The correct answer is $\boxed{\text{C}}$.
An eigenvector of a matrix $A$ corresponding to the eigenvalue $\lambda$ is a nonzero vector $v$ such that $Av=\lambda v$. In other words, an eigenvector is a vector that is scaled by a constant when it is multiplied by the matrix.

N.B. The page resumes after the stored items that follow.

lemma exists_between:
  assumes s: "s \<in> P" and t: "t \<in> P" and "vec_size s \<le> k"
  shows "k \<le> vec_size t \<Longrightarrow>
    \<exists>z\<in>P. vec_size z = k \<and> (\<forall>i. lookup s i \<le> lookup z i \<and> lookup z i \<le> max (lookup s i) (lookup t i))"
  using assms(3)
proof (induction k rule: dec_induct)
  case base
  then show ?case using s by auto
next
  case (step k)
  then obtain z where z: "z \<in> P" "vec_size z = k"
    "\<forall>i. lookup s i \<le> lookup z i \<and> lookup z i \<le> max (lookup s i) (lookup t i)" by auto
  obtain j where "lookup z j < lookup t j" "z + unit_vec j \<in> P"
    using augment[OF z(1) t] z(2) step.prems by auto
  moreover have "lookup s i \<le> lookup (z + unit_vec j) i \<and>
      lookup (z + unit_vec j) i \<le> max (lookup s i) (lookup t i)" for i
    using z(3)[rule_format, of i] \<open>lookup z j < lookup t j\<close> by (auto simp: lookup_add lookup_unit_vec)
  ultimately show ?case using z(2) by (intro bexI[of _ "z + unit_vec j"]) (auto simp: vec_size_add)
qed

text \<open>If some \<open>s \<in> P\<close> below \<open>x + e\<^sub>k\<close> exceeds \<open>x\<close> at \<open>k\<close>, and \<open>x\<close> can be raised at every
  coordinate where it exceeds \<open>s\<close>, then \<open>x + e\<^sub>k \<in> P\<close>: fill \<open>s\<close> up to a vector
  \<open>z = x + e\<^sub>k - e\<^sub>c\<close> and augment \<open>z\<close> from \<open>x + e\<^sub>c\<close>.\<close>

lemma add_unit_vec_in_P_by_exchange:
  assumes x: "x \<in> P" and s: "s \<in> P"
    and below: "\<And>i. lookup s i \<le> lookup (x + unit_vec k) i" and at_k: "lookup x k < lookup s k"
    and raise: "\<And>c. lookup s c < lookup x c \<Longrightarrow> x + unit_vec c \<in> P"
  shows "x + unit_vec k \<in> P"
proof (cases "vec_size x < vec_size s")
  case True
  then obtain i where "lookup x i < lookup s i" "x + unit_vec i \<in> P" using augment[OF x s] by blast
  moreover have "i = k" using below[of i] \<open>lookup x i < lookup s i\<close>
    by (auto simp: lookup_add lookup_unit_vec split: if_splits)
  ultimately show ?thesis by simp
next
  case False
  then obtain z where z: "z \<in> P" "vec_size z = vec_size x"
    "\<forall>i. lookup s i \<le> lookup z i \<and> lookup z i \<le> max (lookup s i) (lookup x i)"
    using exists_between[OF s x, of "vec_size x"] by force
  have z_le: "lookup z i \<le> lookup (x + unit_vec k) i" for i
    using z(3)[rule_format, of i] below[of i] by (auto simp: lookup_add)
  have "vec_size (x + unit_vec k - z) = 1"
    using arg_cong[OF add_diff_cancel_pointwise_le[OF z_le], of vec_size] z(2)
    by (simp add: vec_size_add)
  then obtain c where c: "x + unit_vec k - z = unit_vec c" using vec_size_eq_1_imp_unit_vec by blast
  have zc: "z + unit_vec c = x + unit_vec k"
    using add_diff_cancel_pointwise_le[OF z_le] c by simp
  have "c \<noteq> k" using arg_cong[OF zc, of "\<lambda>v. lookup v k"] z(3)[rule_format, of k] at_k
    by (auto simp: lookup_add lookup_unit_vec)
  then have "lookup z c < lookup x c"
    using arg_cong[OF zc, of "\<lambda>v. lookup v c"] by (simp add: lookup_add lookup_unit_vec)
  then have xc: "x + unit_vec c \<in> P" using z(3)[rule_format, of c] by (intro raise) simp
  have "vec_size z < vec_size (x + unit_vec c)" using z(2) by (simp add: vec_size_add)
  then obtain i where "lookup z i < lookup (x + unit_vec c) i" "z + unit_vec i \<in> P"
    using augment[OF z(1) xc] by blast
  moreover have "i = c"
    using calculation(1) arg_cong[OF zc, of "\<lambda>v. lookup v i"] \<open>c \<noteq> k\<close>
    by (auto simp: lookup_add lookup_unit_vec split: if_splits)
  ultimately show ?thesis using zc by simp
qed

definition sat :: "('i \<Rightarrow>\<^sub>0 nat) \<Rightarrow> 'i set" where
  "sat x = {c\<in>E. x + unit_vec c \<notin> P}"

definition tight :: "('i \<Rightarrow>\<^sub>0 nat) \<Rightarrow> 'i set \<Rightarrow> bool" where
  "tight x A \<longleftrightarrow> A \<subseteq> E \<and> vec_size_on A x = rank A"

lemma tight_sat:
  assumes x: "x \<in> P"
  shows "tight x (sat x)"
proof (rule ccontr)
  let ?D = "sat x"
  have D: "?D \<subseteq> E" "finite ?D" using finite_ground finite_subset unfolding sat_def by auto
  assume "\<not> tight x ?D"
  then have less: "vec_size_on ?D x < rank ?D"
    using D(1) vec_size_on_le_rank[OF x, of ?D] unfolding tight_def by simp
  define y where "y = restrict_vec ?D x"
  have y: "y \<in> P" "keys y \<subseteq> ?D" "vec_size_on ?D y = vec_size_on ?D x"
    using restrict_vec_in_P[OF x] keys_restrict_vec[of ?D x] D(2)
    by (auto simp: y_def vec_size_on_restrict_vec)
  obtain k where k: "k \<in> ?D" "y + unit_vec k \<in> P"
    using exists_augmentation_within[OF y(1,2) D(1)] less y(3) by auto
  have "x + unit_vec k \<in> P"
  proof (rule add_unit_vec_in_P_by_exchange[OF x k(2)])
    show "lookup (y + unit_vec k) i \<le> lookup (x + unit_vec k) i" for i
      by (simp add: y_def lookup_add lookup_restrict_vec)
    show "lookup x k < lookup (y + unit_vec k) k"
      using k(1) by (simp add: y_def lookup_add lookup_restrict_vec lookup_unit_vec)
    fix c assume c: "lookup (y + unit_vec k) c < lookup x c"
    then have "c \<notin> ?D" by (auto simp: y_def lookup_add lookup_restrict_vec)
    moreover have "c \<in> E" using c keys_subset_ground[OF x] by (auto simp: in_keys_iff)
    ultimately show "x + unit_vec c \<in> P" unfolding sat_def by blast
  qed
  then show False using k(1) unfolding sat_def by simp
qed
lemma block_form_schur_elim:
  assumes n: "1 < n" and sym: "\<And>i j. A i j = A j i" and det: "coprime (det2 A) m"
  shows "block_form n m A (congr_mat n (schur_elim m A) A)"
  unfolding block_form_def schur_elim_def
proof (intro conjI allI impI)
  fix i j :: nat assume "i < 2" "j < 2"
  then show "congr_mat n (elim_mat (schur_X m A) (schur_Y m A)) A i j mod m = A i j mod m"
    using n by (simp add: congr_mat_elim_mat row_elim_def schur_X_def schur_Y_def)
next
  fix i j :: nat assume i: "i < 2" and j: "2 \<le> j \<and> j < n"
  have dvd: "m dvd row_elim (schur_X m A) (schur_Y m A) A j i"
    using row_elim_schur_border_col[OF sym det] i j by blast
  have "A 0 j = A j 0" "A 1 j = A j 1" "A 1 0 = A 0 1" using sym by auto
  hence "congr_mat n (elim_mat (schur_X m A) (schur_Y m A)) A i j
           = row_elim (schur_X m A) (schur_Y m A) A j i"
    using n i j by (auto simp: less_2_cases_iff congr_mat_elim_mat row_elim_def schur_X_def schur_Y_def)
  with dvd show "congr_mat n (elim_mat (schur_X m A) (schur_Y m A)) A i j mod m = 0" by simp
  have "congr_mat n (elim_mat (schur_X m A) (schur_Y m A)) A j i
          = row_elim (schur_X m A) (schur_Y m A) A j i"
    using n i j by (simp add: congr_mat_elim_mat schur_X_def schur_Y_def)
  with dvd show "congr_mat n (elim_mat (schur_X m A) (schur_Y m A)) A j i mod m = 0" by simp
qed
lemma subset_hatcl: "P \<subseteq> Pi \<Longrightarrow> P \<subseteq> hatcl Lam Pi perp P"
  unfolding hatcl_def using mem_bicl_singleton[of _ Pi Lam perp] by blast

lemma hatcl_subset: "hatcl Lam Pi perp P \<subseteq> Pi"
  unfolding hatcl_def bicl_def polarL_def by blast

lemma hatcl_idem: "hatcl Lam Pi perp (hatcl Lam Pi perp P) = hatcl Lam Pi perp P"
proof
  show "hatcl Lam Pi perp (hatcl Lam Pi perp P) \<subseteq> hatcl Lam Pi perp P"
  proof
    fix \<rho> assume "\<rho> \<in> hatcl Lam Pi perp (hatcl Lam Pi perp P)"
    then obtain \<pi> \<sigma> where "\<sigma> \<in> P" "\<pi> \<in> bicl Lam Pi perp {\<sigma>}" "\<rho> \<in> bicl Lam Pi perp {\<pi>}"
      unfolding hatcl_def by blast
    then show "\<rho> \<in> hatcl Lam Pi perp P"
      using bicl_singleton_subset[of \<pi> Lam Pi perp \<sigma>] unfolding hatcl_def by blast
  qed
qed (rule subset_hatcl[OF hatcl_subset])

lemma hatcl_in_Pbullet: "hatcl Lam Pi perp P \<in> Pbullet Lam Pi perp"
  unfolding Pbullet_def using hatcl_subset[of Lam Pi perp P] hatcl_idem[of Lam Pi perp P] by blast

lemma polarP_hatcl:
  assumes "P \<subseteq> Pi"
  shows "polarP Lam perp (hatcl Lam Pi perp P) = polarP Lam perp P"
proof
  show "polarP Lam perp (hatcl Lam Pi perp P) \<subseteq> polarP Lam perp P"
    using subset_hatcl[OF assms, of Lam perp] unfolding polarP_def by blast
  show "polarP Lam perp P \<subseteq> polarP Lam perp (hatcl Lam Pi perp P)"
  proof
    fix t assume t: "t \<in> polarP Lam perp P"
    have "perp t \<rho>" if "\<pi> \<in> P" "\<rho> \<in> bicl Lam Pi perp {\<pi>}" for \<pi> \<rho>
    proof (rule perp_if_mem_bicl[OF _ that(2)])
      show "t \<in> polarP Lam perp {\<pi>}"
        using t that(1) unfolding polarP_def by blast
    qed
    then show "t \<in> polarP Lam perp (hatcl Lam Pi perp P)"
      using t unfolding polarP_def hatcl_def by blast
  qed
qed

locale krivine_structure =
  fixes Lam :: "'l set" and Pi :: "'p set" and perp :: "'l \<Rightarrow> 'p \<Rightarrow> bool"
    and push :: "'l \<Rightarrow> 'p \<Rightarrow> 'p" and app :: "'l \<Rightarrow> 'l \<Rightarrow> 'l"
    and QP :: "'l set" and K :: 'l and S :: 'l
  assumes aks: "aks Lam Pi perp push app QP K S"
begin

We are given that the matrix $M$ has eigenvalues $-3$, $-3$, and $5$. We are also given that an eigenvector corresponding to the eigenvalue $5$ is $[1 2 -1]^T$. This means that $M[1 2 -1]^T=5[1 2 -1]^T$. We can rewrite this equation as $M-5I[1 2 -1]^T=0$.
To find the other eigenvectors of $M$, we can use the following formula:
$$v_2=\frac{1}{\|M-5I\|}\left(M-5I\right)v_1$$
where $v_1$ is an eigenvector of $M$ corresponding to the eigenvalue $5$ and $\|M-5I\|$ is the determinant of the matrix $M-5I$.
In this case, $\|M-5I\|=-2$. Therefore, the other eigenvector of $M$ is:
$$v_2=\frac{1}{-2}\left(M-5I\right)[1 2 -1]^T=\left[{\begin{array}{*{20}{c}} 1&{\sqrt[3]{2}}&{ – 1} \end{array}} \right]^T$$
Therefore, one of the eigenvectors of the matrix $M^3$ is $\boxed{\left[ {\begin{array}{*{20}{c}} 1&{\sqrt[3]{2}}&{ – 1} \end{array}} \right]^T}$.